Now at this time Polycrates had not yet attained to the hei
ght of his power, and he was enriching himself by extorting money from his wealthy subjects and even by confiscating their goods with slight excuse. Therefore many writers have asserted that Pythagoras fled from Samos to escape from the tyrant’s grasping hands, but this is a senseless story, since he was then but a boy and his father and mother remained in Samos and lived in riches for more than twenty years after his departure. It seems to me much more probable that Polycrates had made a law, as many modern despots have done, forbidding young men to leave their country until they had performed some stated service; and that Pythagoras was in such haste to increase his knowledge that he would not abide the ordained time. So he fled secretly by night with his teacher Hermodamas, who afterwards came back alone and appears to have suffered no penalty. It is very clear that Pythagoras feared pursuit and capture; for though Samos is close to the mainland, and not far from Miletus, where both Anaximander and Thales, or Theletas, as he is sometimes called, were famous philosophers, yet the young man preferred to sail all the way to Lesbos, far to northward, where at that time he was safe from the messengers of Polycrates. There he dwelt with an uncle, a brother of his father, and was taught by Pherecydes for some time; but when he had learned of him what he could, he journeyed southward by land to Miletus, and sat down beside the ancient Thales and began to be initiated into the secret wisdom of the priests.

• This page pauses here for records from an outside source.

lemma S2_eqI:
  assumes "x \<in> S2" "y \<in> S2" "x 0 = y 0" "x 1 = y 1" "x 2 = y 2"
  shows "x = y"
proof
  fix i :: nat
  show "x i = y i"
    using assms less_3_cases[of i] by (cases "i < 3") (auto simp: in_S2_iff)
qed

lemma S2_height_bounds:
  assumes x: "x \<in> S2" and "x \<noteq> north_pole" "x \<noteq> south_pole"
  shows "-1 < x 2 \<and> x 2 < 1"
proof -
  have sum: "(x 0)\<^sup>2 + (x 1)\<^sup>2 + (x 2)\<^sup>2 = 1"
    using x by (simp add: in_S2_iff)
  have "(x 2)\<^sup>2 \<noteq> 1"
  proof
    assume "(x 2)\<^sup>2 = 1"
    then have "x 0 = 0" "x 1 = 0"
      using sum by (simp_all add: add_nonneg_eq_0_iff)
    with \<open>(x 2)\<^sup>2 = 1\<close> x poles_in_S2 assms(2,3) show False
      by (auto simp: power2_eq_1_iff north_pole_def south_pole_def intro: S2_eqI)
  qed
  moreover have "(x 2)\<^sup>2 \<le> 1"
    using sum zero_le_power2[of "x 0"] zero_le_power2[of "x 1"] by linarith
  ultimately show ?thesis
    by (auto simp: abs_square_le_1 power2_eq_1_iff abs_le_iff)
qed

lemma sharply_3_transitive_triple:
  assumes "sharply_3_transitive G" "a \<in> S2" "b \<in> S2" "c \<in> S2" "a' \<in> S2" "b' \<in> S2" "c' \<in> S2"
    and "a \<noteq> b" "a \<noteq> c" "b \<noteq> c" "a' \<noteq> b'" "a' \<noteq> c'" "b' \<noteq> c'"
  obtains g where "g \<in> G" "g a = a'" "g b = b'" "g c = c'"
  using assms unfolding sharply_3_transitive_def by blast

The mysteries of the ancients were the truth, or the nearest approach to it then possible, as contrasted with the vast fictions of mythology in which the peoples believed. Without an exception, all the mysteries taught of a god who had died and had been buried on earth, and who had returned to life again in glory; most of them foretold a judgment of souls, and all looked forward to a future state, either as following directly upon death, or as the end of a series of migrations, in which the soul passed from one body to another, purifying itself by degrees, or sinking by steps of defilement to final perdition. All the mysteries were ultimately monotheistic in idea, though the one god of the secret faith was considered as containing two, three, or four principles in himself, according to the ethic and psychic schemes adopted by the initiated of different nations.

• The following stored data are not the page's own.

lemma reach_insert_cases:
  assumes "reach G (insert g S) u z" and g: "ends G g = (a, b)"
  shows "reach G S u z \<or> (reach G S u a \<and> reach G S b z) \<or> (reach G S u b \<and> reach G S a z)"
  using assms(1) unfolding reach_def[of G "insert g S"]
proof (induction rule: rtranclp_induct)
  case (step c d)
  from step.hyps(2) obtain h where h: "h \<in> insert g S" "joins G h c d" by blast
  show ?case
  proof (cases "h = g")
    case True
    then have "(c = a \<and> d = b) \<or> (c = b \<and> d = a)" using h(2) g unfolding joins_def by auto
    then show ?thesis using step.IH by auto
  next
    case False
    then have "reach G S c d" using h by (intro reach_step[of h]) auto
    then show ?thesis using step.IH by (blast intro: reach_trans)
  qed
qed simp

lemma reach_Diff_bypassed_edge:
  assumes f: "reach G (T - {f}) (fst (ends G f)) (snd (ends G f))" and "reach G T u z"
  shows "reach G (T - {f}) u z"
proof -
  have "reach G (insert f (T - {f})) u z" using assms(2) by (rule reach_mono) blast
  then show ?thesis
    using reach_insert_cases[OF _ prod.collapse[symmetric]] f
    by (meson reach_sym reach_trans)
qed

lemma reach_imp_path:
  assumes "reach G T u w"
  shows "\<exists>es vs. is_path G T es vs \<and> hd vs = u \<and> last vs = w"
  using assms unfolding reach_def
proof (induction rule: rtranclp_induct)
  case base
  show ?case by (rule exI[of _ "[]"], rule exI[of _ "[u]"]) (simp add: is_path_def)
next
  case (step z w)
  obtain es vs where p: "is_path G T es vs" "hd vs = u" "last vs = z" using step.IH by blast
  obtain g where g: "g \<in> T" "joins G g z w" using step.hyps(2) by blast
  have len: "length vs = Suc (length es)" "vs \<noteq> []" using p(1) by (auto simp: is_path_def)
  show ?case
  proof (cases "w \<in> set vs")
    case True
    then obtain k where k: "k < length vs" "vs ! k = w" by (auto simp: in_set_conv_nth)
    have "is_path G T (take k es) (take (Suc k) vs)"
      using p(1) k len unfolding is_path_def by (auto simp: min_def dest: in_set_takeD)
    moreover have "hd (take (Suc k) vs) = u" using p(2) len by (simp add: hd_take)
    moreover have "last (take (Suc k) vs) = w" using k by (simp add: take_Suc_conv_app_nth)
    ultimately show ?thesis by blast
  next
    case False
    have "vs ! length es = z" using p(3) len by (simp add: last_conv_nth)
    then have "is_path G T (es @ [g]) (vs @ [w])"
      using p(1) False g len unfolding is_path_def
      by (auto simp: nth_append less_Suc_eq)
    then show ?thesis using p(2) len by fastforce
  qed
qed

lemma is_path_distinct_edges:
  assumes "is_path G T es vs"
  shows "distinct es"
proof -
  have len: "length vs = Suc (length es)" and dist: "distinct vs"
    and J: "\<And>i. i < length es \<Longrightarrow> joins G (es ! i) (vs ! i) (vs ! Suc i)"
    using assms by (auto simp: is_path_def)
  show ?thesis
  proof (rule distinct_conv_nth[THEN iffD2], intro allI impI notI)
    fix i j assume ij: "i < length es" "j < length es" "i \<noteq> j" and eq: "es ! i = es ! j"
    have "vs ! i = vs ! j \<or> vs ! i = vs ! Suc j" "vs ! Suc i = vs ! j \<or> vs ! Suc i = vs ! Suc j"
      using J[OF ij(1)] J[OF ij(2)] eq unfolding joins_def by auto
    then show False using dist ij len by (auto simp: nth_eq_iff_index_eq)
  qed
qed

The early philosophers were all priests and mystics, most of them were poets, in the sense that they wrote down their thoughts in verse, and all were seekers after knowledge. The highest development, both of mysticism and of scientific inquiry, was considered to have been reached in Egypt, though it has been thought that the Magians of Assyria were better mathematicians than the Egyptian priests, and that the Chaldaeans were as good astronomers.
The true faith of those times was a profound secret in the hands of small communities of amazingly gifted men. It could never be popular, for the comprehension required to understand it was far beyond the gifts of the masses, and the consequence was that although initiation into the mysteries was not the exclusive privilege of the aristocratic class, it was nevertheless very closely associated with an aristocratic principle in the minds of the many, a fact which afterwards led directly to the violent destruction of the Pythagorean brotherhoods in Italy.
The intellectual grasp of the young Samian soon took possession of his master’s knowledge, and when he had been initiated into the mysteries of Zeus in the temple on Mount Ida, Thales declared that if his pupil would learn more he must find a way to be received among the priests of Egypt. No foreign student had ever accomplished such an apparently impossible thing; but Pythagoras, who admitted no impossibilities, forthwith determined to possess himself of all the wisdom of the Egyptians, and of all learning possessed by men.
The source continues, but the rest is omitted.